EXERCISE = Every line below that has the string "only" needs to be copied.

####

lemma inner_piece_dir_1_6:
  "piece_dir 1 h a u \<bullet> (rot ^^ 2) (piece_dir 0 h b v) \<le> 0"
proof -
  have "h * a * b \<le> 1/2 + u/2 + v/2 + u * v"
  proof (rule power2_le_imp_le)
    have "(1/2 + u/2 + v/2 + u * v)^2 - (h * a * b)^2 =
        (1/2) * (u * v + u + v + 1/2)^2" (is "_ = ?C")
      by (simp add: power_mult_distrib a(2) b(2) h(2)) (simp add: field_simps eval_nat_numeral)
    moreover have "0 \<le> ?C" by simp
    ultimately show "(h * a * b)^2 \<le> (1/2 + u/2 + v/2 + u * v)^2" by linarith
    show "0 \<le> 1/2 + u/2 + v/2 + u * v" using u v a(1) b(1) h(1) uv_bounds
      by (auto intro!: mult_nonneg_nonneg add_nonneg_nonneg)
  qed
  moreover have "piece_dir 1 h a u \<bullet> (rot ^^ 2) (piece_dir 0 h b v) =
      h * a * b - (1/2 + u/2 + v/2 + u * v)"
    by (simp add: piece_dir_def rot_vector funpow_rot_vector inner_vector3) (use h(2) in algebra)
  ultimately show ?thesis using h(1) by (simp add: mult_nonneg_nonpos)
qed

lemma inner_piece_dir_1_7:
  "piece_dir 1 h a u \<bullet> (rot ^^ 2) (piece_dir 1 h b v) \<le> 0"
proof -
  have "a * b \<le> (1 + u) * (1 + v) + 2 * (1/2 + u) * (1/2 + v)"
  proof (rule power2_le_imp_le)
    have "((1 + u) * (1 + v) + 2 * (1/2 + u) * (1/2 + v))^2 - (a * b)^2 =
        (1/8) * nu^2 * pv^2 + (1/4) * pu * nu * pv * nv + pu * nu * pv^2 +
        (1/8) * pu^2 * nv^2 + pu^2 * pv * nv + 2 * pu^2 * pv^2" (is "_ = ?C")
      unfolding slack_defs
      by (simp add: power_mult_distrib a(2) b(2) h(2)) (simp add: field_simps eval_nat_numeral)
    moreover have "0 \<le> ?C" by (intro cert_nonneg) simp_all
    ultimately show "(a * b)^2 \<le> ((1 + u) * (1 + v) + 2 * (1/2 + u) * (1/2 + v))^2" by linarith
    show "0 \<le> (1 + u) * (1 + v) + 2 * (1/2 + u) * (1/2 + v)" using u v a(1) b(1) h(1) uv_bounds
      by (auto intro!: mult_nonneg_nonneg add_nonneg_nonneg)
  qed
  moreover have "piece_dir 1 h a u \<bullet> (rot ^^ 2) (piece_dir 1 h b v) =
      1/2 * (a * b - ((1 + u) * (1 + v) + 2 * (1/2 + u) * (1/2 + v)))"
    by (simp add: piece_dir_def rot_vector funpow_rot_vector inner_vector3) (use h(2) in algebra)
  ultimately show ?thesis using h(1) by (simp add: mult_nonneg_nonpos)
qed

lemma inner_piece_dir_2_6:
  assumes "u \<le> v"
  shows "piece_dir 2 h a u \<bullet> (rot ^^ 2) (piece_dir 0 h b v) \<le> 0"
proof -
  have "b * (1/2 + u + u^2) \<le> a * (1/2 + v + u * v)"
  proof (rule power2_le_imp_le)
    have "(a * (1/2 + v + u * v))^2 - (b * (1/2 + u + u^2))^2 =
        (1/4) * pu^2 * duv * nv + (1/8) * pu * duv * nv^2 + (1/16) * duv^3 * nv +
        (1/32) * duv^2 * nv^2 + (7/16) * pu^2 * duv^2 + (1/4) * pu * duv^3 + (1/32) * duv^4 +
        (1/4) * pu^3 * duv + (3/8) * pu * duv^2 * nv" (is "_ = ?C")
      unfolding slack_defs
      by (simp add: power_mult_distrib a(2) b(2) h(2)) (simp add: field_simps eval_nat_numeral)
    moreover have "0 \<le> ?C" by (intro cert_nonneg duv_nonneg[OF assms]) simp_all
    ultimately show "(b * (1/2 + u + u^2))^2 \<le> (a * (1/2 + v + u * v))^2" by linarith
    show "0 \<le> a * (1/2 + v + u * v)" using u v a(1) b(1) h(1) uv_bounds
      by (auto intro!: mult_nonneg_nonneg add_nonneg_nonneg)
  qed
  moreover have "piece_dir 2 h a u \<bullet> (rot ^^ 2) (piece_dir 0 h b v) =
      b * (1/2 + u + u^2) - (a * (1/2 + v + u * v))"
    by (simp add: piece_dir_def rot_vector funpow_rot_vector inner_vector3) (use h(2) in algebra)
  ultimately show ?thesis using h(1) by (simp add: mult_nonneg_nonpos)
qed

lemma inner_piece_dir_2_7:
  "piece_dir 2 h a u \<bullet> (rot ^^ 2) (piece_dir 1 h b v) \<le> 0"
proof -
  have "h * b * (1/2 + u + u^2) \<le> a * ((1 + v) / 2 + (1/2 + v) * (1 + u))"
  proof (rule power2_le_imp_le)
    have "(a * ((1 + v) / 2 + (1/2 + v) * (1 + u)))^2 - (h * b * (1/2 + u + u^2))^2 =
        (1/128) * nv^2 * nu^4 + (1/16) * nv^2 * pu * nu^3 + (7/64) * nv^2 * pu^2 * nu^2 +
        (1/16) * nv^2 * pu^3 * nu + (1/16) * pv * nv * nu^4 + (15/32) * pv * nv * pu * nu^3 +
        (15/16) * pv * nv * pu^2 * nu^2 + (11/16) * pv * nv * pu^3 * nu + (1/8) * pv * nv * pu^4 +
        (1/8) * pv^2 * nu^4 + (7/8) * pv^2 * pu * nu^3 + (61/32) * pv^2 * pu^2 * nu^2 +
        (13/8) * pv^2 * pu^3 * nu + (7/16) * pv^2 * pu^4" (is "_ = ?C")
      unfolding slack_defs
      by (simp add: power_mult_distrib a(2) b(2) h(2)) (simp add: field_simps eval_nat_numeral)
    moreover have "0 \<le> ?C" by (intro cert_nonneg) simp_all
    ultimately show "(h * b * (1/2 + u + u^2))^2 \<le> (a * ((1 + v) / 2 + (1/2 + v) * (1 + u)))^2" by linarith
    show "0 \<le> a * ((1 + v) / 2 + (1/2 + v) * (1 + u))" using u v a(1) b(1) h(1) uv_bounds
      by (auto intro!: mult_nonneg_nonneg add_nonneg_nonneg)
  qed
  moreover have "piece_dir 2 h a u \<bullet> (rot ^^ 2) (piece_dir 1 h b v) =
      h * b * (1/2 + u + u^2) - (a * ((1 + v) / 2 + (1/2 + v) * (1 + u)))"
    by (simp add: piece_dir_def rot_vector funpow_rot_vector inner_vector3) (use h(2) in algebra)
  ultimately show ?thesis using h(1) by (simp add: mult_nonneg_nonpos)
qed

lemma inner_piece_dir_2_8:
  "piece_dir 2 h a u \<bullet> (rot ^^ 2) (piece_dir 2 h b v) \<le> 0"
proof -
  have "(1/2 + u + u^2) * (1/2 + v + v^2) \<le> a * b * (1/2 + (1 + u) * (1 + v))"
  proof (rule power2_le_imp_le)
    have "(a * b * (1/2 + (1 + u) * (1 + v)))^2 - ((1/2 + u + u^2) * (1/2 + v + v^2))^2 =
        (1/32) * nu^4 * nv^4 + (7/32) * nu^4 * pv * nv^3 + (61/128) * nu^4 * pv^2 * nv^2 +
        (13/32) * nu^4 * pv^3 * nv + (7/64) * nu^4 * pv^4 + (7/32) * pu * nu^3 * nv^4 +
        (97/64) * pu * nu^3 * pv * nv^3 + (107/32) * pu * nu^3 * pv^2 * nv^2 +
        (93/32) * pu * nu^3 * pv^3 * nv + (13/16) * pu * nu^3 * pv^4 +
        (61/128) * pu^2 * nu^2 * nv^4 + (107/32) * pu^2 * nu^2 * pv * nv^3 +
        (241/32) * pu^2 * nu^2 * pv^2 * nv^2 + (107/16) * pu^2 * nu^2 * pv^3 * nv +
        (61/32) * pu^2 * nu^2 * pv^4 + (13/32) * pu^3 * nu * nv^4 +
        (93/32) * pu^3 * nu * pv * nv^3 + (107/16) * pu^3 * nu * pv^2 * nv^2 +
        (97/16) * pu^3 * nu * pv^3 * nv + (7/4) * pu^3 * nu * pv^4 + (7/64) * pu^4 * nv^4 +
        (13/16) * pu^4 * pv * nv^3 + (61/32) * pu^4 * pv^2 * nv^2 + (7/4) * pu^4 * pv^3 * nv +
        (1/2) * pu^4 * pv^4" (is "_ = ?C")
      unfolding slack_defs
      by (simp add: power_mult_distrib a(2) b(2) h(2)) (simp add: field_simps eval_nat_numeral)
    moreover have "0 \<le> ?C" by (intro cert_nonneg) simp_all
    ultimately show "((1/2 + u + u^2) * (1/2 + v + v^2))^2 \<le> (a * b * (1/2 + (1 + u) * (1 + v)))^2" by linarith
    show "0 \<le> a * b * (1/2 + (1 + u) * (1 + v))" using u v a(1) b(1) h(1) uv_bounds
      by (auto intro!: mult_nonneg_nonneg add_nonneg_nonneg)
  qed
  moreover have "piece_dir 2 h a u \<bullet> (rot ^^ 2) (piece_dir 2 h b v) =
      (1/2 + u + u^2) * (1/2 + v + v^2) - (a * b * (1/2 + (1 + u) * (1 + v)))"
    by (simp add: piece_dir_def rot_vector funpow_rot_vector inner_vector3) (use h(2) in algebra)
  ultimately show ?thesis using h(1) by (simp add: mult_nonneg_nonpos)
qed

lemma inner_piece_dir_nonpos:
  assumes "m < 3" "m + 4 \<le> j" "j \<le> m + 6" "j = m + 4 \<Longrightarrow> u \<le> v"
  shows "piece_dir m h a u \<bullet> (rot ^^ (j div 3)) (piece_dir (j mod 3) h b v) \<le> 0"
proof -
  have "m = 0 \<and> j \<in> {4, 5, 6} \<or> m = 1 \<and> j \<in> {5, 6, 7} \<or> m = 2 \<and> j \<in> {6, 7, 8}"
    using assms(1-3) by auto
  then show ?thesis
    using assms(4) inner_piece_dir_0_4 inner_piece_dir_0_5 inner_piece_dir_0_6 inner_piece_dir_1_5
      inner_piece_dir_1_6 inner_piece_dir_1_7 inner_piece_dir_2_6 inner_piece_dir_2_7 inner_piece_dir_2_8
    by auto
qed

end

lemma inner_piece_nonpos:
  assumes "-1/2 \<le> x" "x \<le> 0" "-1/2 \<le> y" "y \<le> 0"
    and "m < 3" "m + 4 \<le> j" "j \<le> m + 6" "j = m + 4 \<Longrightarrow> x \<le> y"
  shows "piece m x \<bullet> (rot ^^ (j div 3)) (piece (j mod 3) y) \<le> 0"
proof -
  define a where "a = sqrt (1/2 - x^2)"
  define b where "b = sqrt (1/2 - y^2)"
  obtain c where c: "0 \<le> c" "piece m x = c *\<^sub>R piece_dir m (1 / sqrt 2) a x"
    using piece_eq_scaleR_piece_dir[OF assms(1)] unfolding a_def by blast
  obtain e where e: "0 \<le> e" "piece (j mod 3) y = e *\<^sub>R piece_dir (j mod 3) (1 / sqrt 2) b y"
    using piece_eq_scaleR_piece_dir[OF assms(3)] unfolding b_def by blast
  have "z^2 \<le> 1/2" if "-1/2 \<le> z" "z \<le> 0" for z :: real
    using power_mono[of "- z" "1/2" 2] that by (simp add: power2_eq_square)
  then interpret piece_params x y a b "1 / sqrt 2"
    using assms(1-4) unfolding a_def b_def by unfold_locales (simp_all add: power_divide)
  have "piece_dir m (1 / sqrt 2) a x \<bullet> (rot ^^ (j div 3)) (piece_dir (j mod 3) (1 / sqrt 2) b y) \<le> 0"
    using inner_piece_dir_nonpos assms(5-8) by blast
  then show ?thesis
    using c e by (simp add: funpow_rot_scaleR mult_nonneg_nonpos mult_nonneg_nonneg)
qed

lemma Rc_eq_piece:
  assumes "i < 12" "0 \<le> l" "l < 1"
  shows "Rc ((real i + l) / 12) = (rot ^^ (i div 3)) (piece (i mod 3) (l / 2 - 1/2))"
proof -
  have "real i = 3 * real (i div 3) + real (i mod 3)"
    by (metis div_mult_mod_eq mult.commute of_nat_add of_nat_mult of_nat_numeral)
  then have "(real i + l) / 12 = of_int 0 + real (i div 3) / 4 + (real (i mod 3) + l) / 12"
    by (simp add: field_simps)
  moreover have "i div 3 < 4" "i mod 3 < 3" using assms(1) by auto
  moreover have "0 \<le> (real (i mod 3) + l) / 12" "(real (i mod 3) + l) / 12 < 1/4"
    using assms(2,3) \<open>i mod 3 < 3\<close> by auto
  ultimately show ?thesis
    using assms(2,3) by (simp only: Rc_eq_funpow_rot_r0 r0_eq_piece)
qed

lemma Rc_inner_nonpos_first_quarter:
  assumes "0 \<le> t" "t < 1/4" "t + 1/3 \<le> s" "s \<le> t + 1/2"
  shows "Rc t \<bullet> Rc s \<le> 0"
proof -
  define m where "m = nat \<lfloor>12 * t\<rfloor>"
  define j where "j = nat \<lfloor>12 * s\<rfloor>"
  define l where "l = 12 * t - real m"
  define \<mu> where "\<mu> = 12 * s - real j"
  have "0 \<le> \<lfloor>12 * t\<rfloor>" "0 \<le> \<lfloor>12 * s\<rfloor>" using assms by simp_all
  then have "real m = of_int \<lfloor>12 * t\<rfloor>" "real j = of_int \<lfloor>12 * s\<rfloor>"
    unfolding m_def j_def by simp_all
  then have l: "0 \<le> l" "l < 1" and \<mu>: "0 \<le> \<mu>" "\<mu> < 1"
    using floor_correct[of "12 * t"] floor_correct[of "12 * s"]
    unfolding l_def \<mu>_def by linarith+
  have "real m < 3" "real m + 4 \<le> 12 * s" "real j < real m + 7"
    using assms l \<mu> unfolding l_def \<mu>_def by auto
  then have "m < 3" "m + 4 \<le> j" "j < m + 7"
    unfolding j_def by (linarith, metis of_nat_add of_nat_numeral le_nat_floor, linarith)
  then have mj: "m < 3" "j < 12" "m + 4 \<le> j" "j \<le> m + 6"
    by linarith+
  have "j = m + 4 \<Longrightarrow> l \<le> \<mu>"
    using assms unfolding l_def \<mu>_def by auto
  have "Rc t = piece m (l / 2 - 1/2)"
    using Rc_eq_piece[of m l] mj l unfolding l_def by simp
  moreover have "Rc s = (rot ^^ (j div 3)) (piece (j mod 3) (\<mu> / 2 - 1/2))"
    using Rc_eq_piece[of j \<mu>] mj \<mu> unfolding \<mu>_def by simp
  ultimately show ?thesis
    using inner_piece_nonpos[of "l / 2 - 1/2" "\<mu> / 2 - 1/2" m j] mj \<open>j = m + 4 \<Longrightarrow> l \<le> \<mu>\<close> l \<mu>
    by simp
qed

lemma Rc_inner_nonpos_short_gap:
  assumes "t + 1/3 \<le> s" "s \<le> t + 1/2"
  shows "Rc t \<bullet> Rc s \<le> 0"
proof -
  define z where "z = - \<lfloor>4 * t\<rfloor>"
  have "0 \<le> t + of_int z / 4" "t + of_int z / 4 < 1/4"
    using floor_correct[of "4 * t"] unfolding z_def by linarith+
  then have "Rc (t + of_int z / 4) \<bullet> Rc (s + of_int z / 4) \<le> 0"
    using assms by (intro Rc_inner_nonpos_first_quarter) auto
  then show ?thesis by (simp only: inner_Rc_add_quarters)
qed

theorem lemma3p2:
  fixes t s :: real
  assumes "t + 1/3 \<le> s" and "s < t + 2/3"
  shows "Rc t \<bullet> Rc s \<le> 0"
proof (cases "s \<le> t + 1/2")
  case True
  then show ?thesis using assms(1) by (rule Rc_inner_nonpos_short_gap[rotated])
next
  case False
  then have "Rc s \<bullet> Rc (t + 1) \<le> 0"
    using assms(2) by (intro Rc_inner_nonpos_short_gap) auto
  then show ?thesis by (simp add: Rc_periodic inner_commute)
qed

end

####

ANSWER AREA =
    using assms(2,3) by (simp only: Rc_eq_funpow_rot_r0 r0_eq_piece)
  then show ?thesis by (simp only: inner_Rc_add_quarters)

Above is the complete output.